Your assignment:
Each line of the records below that holds "shows" should be copied out.

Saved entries

lemma (in prob_space) integral_prod_trunc_indep_normal:
  assumes X: "distributed M lborel X (\<lambda>x. ennreal (normal_density \<mu> \<sigma> x))"
    and Y: "distributed M lborel Y (\<lambda>y. ennreal (normal_density \<theta> \<sigma> y))"
    and XY: "indep_var borel X borel Y" and "0 < \<sigma>" "0 \<le> \<tau>"
  shows "(\<integral>\<omega>. prod_trunc \<sigma> \<tau> (X \<omega>) (Y \<omega>) \<partial>M)
    = \<mu>\<^sup>2 * \<theta>\<^sup>2 - trunc_sq_dev_moment \<sigma> \<tau> \<mu> * trunc_sq_dev_moment \<sigma> \<tau> \<theta>"
proof -
  define q where "q x = x\<^sup>2 - \<sigma>\<^sup>2" for x :: real
  let ?H = "trunc_sq_dev \<sigma> \<tau>"
  have q_meas: "q \<in> borel_measurable borel" unfolding q_def by measurable
  have H_meas: "?H \<in> borel_measurable borel" unfolding trunc_sq_dev_def by measurable
  note q_lmeas = q_meas[folded measurable_lborel2] and H_lmeas = H_meas[folded measurable_lborel2]
  have q_moment: "has_bochner_integral lborel (\<lambda>x. normal_density m \<sigma> x * q x) (m\<^sup>2)" for m
    using has_bochner_integral_normal_sq_dev[OF assms(4)] by (simp add: q_def)
  have H_int: "integrable lborel (\<lambda>x. normal_density m \<sigma> x * ?H x)" for m
    using assms(4,5) by (rule integrable_normal_trunc_sq_dev)
  have iqX: "integrable M (\<lambda>\<omega>. q (X \<omega>))" and iqY: "integrable M (\<lambda>\<omega>. q (Y \<omega>))"
    using distributed_integrable[OF X q_lmeas] distributed_integrable[OF Y q_lmeas]
      integrable.intros[OF q_moment] by simp_all
  have EqX: "(\<integral>\<omega>. q (X \<omega>) \<partial>M) = \<mu>\<^sup>2" and EqY: "(\<integral>\<omega>. q (Y \<omega>) \<partial>M) = \<theta>\<^sup>2"
    using distributed_integral[OF X q_lmeas] distributed_integral[OF Y q_lmeas]
      has_bochner_integral_integral_eq[OF q_moment] by simp_all
  have iHX: "integrable M (\<lambda>\<omega>. ?H (X \<omega>))" and iHY: "integrable M (\<lambda>\<omega>. ?H (Y \<omega>))"
    using distributed_integrable[OF X H_lmeas] distributed_integrable[OF Y H_lmeas] H_int
    by simp_all
  have EHX: "(\<integral>\<omega>. ?H (X \<omega>) \<partial>M) = trunc_sq_dev_moment \<sigma> \<tau> \<mu>"
    and EHY: "(\<integral>\<omega>. ?H (Y \<omega>) \<partial>M) = trunc_sq_dev_moment \<sigma> \<tau> \<theta>"
    using distributed_integral[OF X H_lmeas] distributed_integral[OF Y H_lmeas]
    by (simp_all add: trunc_sq_dev_moment_def)
  have q_indep: "indep_var borel (q \<circ> X) borel (q \<circ> Y)"
    and H_indep: "indep_var borel (?H \<circ> X) borel (?H \<circ> Y)"
    using indep_var_compose[OF XY q_meas q_meas] indep_var_compose[OF XY H_meas H_meas] .
  have "integrable M (\<lambda>\<omega>. q (X \<omega>) * q (Y \<omega>))"
    "(\<integral>\<omega>. q (X \<omega>) * q (Y \<omega>) \<partial>M) = \<mu>\<^sup>2 * \<theta>\<^sup>2"
    using indep_var_integrable[OF q_indep] indep_var_lebesgue_integral[OF q_indep] iqX iqY EqX EqY
    by (simp_all add: o_def)
  moreover have "integrable M (\<lambda>\<omega>. ?H (X \<omega>) * ?H (Y \<omega>))"
    "(\<integral>\<omega>. ?H (X \<omega>) * ?H (Y \<omega>) \<partial>M) = trunc_sq_dev_moment \<sigma> \<tau> \<mu> * trunc_sq_dev_moment \<sigma> \<tau> \<theta>"
    using indep_var_integrable[OF H_indep] indep_var_lebesgue_integral[OF H_indep] iHX iHY EHX EHY
    by (simp_all add: o_def)
  ultimately show ?thesis
    unfolding prod_trunc_eq by (simp add: q_def)
qed

lemma abs_cross_term_le:
  fixes c d e A B :: real
  assumes "0 \<le> c" "\<bar>d\<bar> \<le> A" "\<bar>e\<bar> \<le> B"
  shows "\<bar>c * d + c * e - d * e\<bar> \<le> A * B + c * A + c * B"
proof -
  have "\<bar>c * d\<bar> \<le> c * A" "\<bar>c * e\<bar> \<le> c * B" "\<bar>d * e\<bar> \<le> A * B"
    using assms by (auto simp: abs_mult intro: mult_left_mono mult_mono)
  then show ?thesis by linarith
qed

theorem lemma3:
  fixes M :: "'a measure" and X Y :: "'a \<Rightarrow> real" and \<mu> \<theta> \<sigma> \<tau> :: real
  assumes "prob_space M"
    and "distributed M lborel X (\<lambda>x. ennreal (normal_density \<mu> \<sigma> x))"
    and "distributed M lborel Y (\<lambda>y. ennreal (normal_density \<theta> \<sigma> y))"
    and "prob_space.indep_var M borel X borel Y"
    and "\<sigma> > 0" and "\<tau> \<ge> 1"
  shows "eta \<sigma> \<tau> = - 4 * \<sigma> ^ 4 * \<tau> * (std_normal_density (sqrt \<tau>))\<^sup>2 \<and>
         \<bar>(\<integral>\<omega>. prod_trunc \<sigma> \<tau> (X \<omega>) (Y \<omega>) \<partial>M) - eta \<sigma> \<tau> - \<mu>\<^sup>2 * \<theta>\<^sup>2\<bar>
         \<le> min (\<mu>\<^sup>2) (3 * \<sigma>\<^sup>2 * \<tau>) * min (\<theta>\<^sup>2) (3 * \<sigma>\<^sup>2 * \<tau>)
           + 2 * \<sigma>\<^sup>2 * sqrt \<tau> * std_normal_density (sqrt \<tau>) * min (\<mu>\<^sup>2) (3 * \<sigma>\<^sup>2 * \<tau>)
           + 2 * \<sigma>\<^sup>2 * sqrt \<tau> * std_normal_density (sqrt \<tau>) * min (\<theta>\<^sup>2) (3 * \<sigma>\<^sup>2 * \<tau>)"
proof -
  interpret prob_space M by fact
  have \<sigma>: "0 < \<sigma>" and \<tau>: "1 \<le> \<tau>" "0 \<le> \<tau>" using assms by auto
  define c where "c = 2 * \<sigma>\<^sup>2 * sqrt \<tau> * std_normal_density (sqrt \<tau>)"
  let ?m = "trunc_sq_dev_moment \<sigma> \<tau>"
  have m0: "?m 0 = - c"
    using trunc_sq_dev_moment_zero[OF \<sigma> \<tau>(2)] by (simp add: c_def edge_term_zero)
  have "eta \<sigma> \<tau> = - c\<^sup>2" using eta_eq_neg_square[OF \<sigma> \<tau>(2)] m0 by simp
  also have "\<dots> = - 4 * \<sigma> ^ 4 * \<tau> * (std_normal_density (sqrt \<tau>))\<^sup>2"
    using \<tau> by (simp add: c_def power_mult_distrib)
  finally have eta: "eta \<sigma> \<tau> = \<dots>" .
  have "(\<integral>\<omega>. prod_trunc \<sigma> \<tau> (X \<omega>) (Y \<omega>) \<partial>M) - eta \<sigma> \<tau> - \<mu>\<^sup>2 * \<theta>\<^sup>2
      = c * (?m \<mu> + c) + c * (?m \<theta> + c) - (?m \<mu> + c) * (?m \<theta> + c)"
    using integral_prod_trunc_indep_normal[OF assms(2-4) \<sigma> \<tau>(2)] eta_eq_neg_square[OF \<sigma> \<tau>(2)] m0
    by (simp add: algebra_simps power2_eq_square)
  moreover have "0 \<le> c" using \<tau>(2) by (simp add: c_def)
  moreover have "\<bar>?m m + c\<bar> \<le> min (m\<^sup>2) (3 * \<sigma>\<^sup>2 * \<tau>)" for m
    using trunc_sq_dev_moment_deviation[OF \<sigma> \<tau>(1), of m] m0 by simp
  ultimately show ?thesis
    using eta abs_cross_term_le by (simp add: c_def)
qed

end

Task answer:
  shows "(\<integral>\<omega>. prod_trunc \<sigma> \<tau> (X \<omega>) (Y \<omega>) \<partial>M)
  shows "\<bar>c * d + c * e - d * e\<bar> \<le> A * B + c * A + c * B"
  shows "eta \<sigma> \<tau> = - 4 * \<sigma> ^ 4 * \<tau> * (std_normal_density (sqrt \<tau>))\<^sup>2 \<and>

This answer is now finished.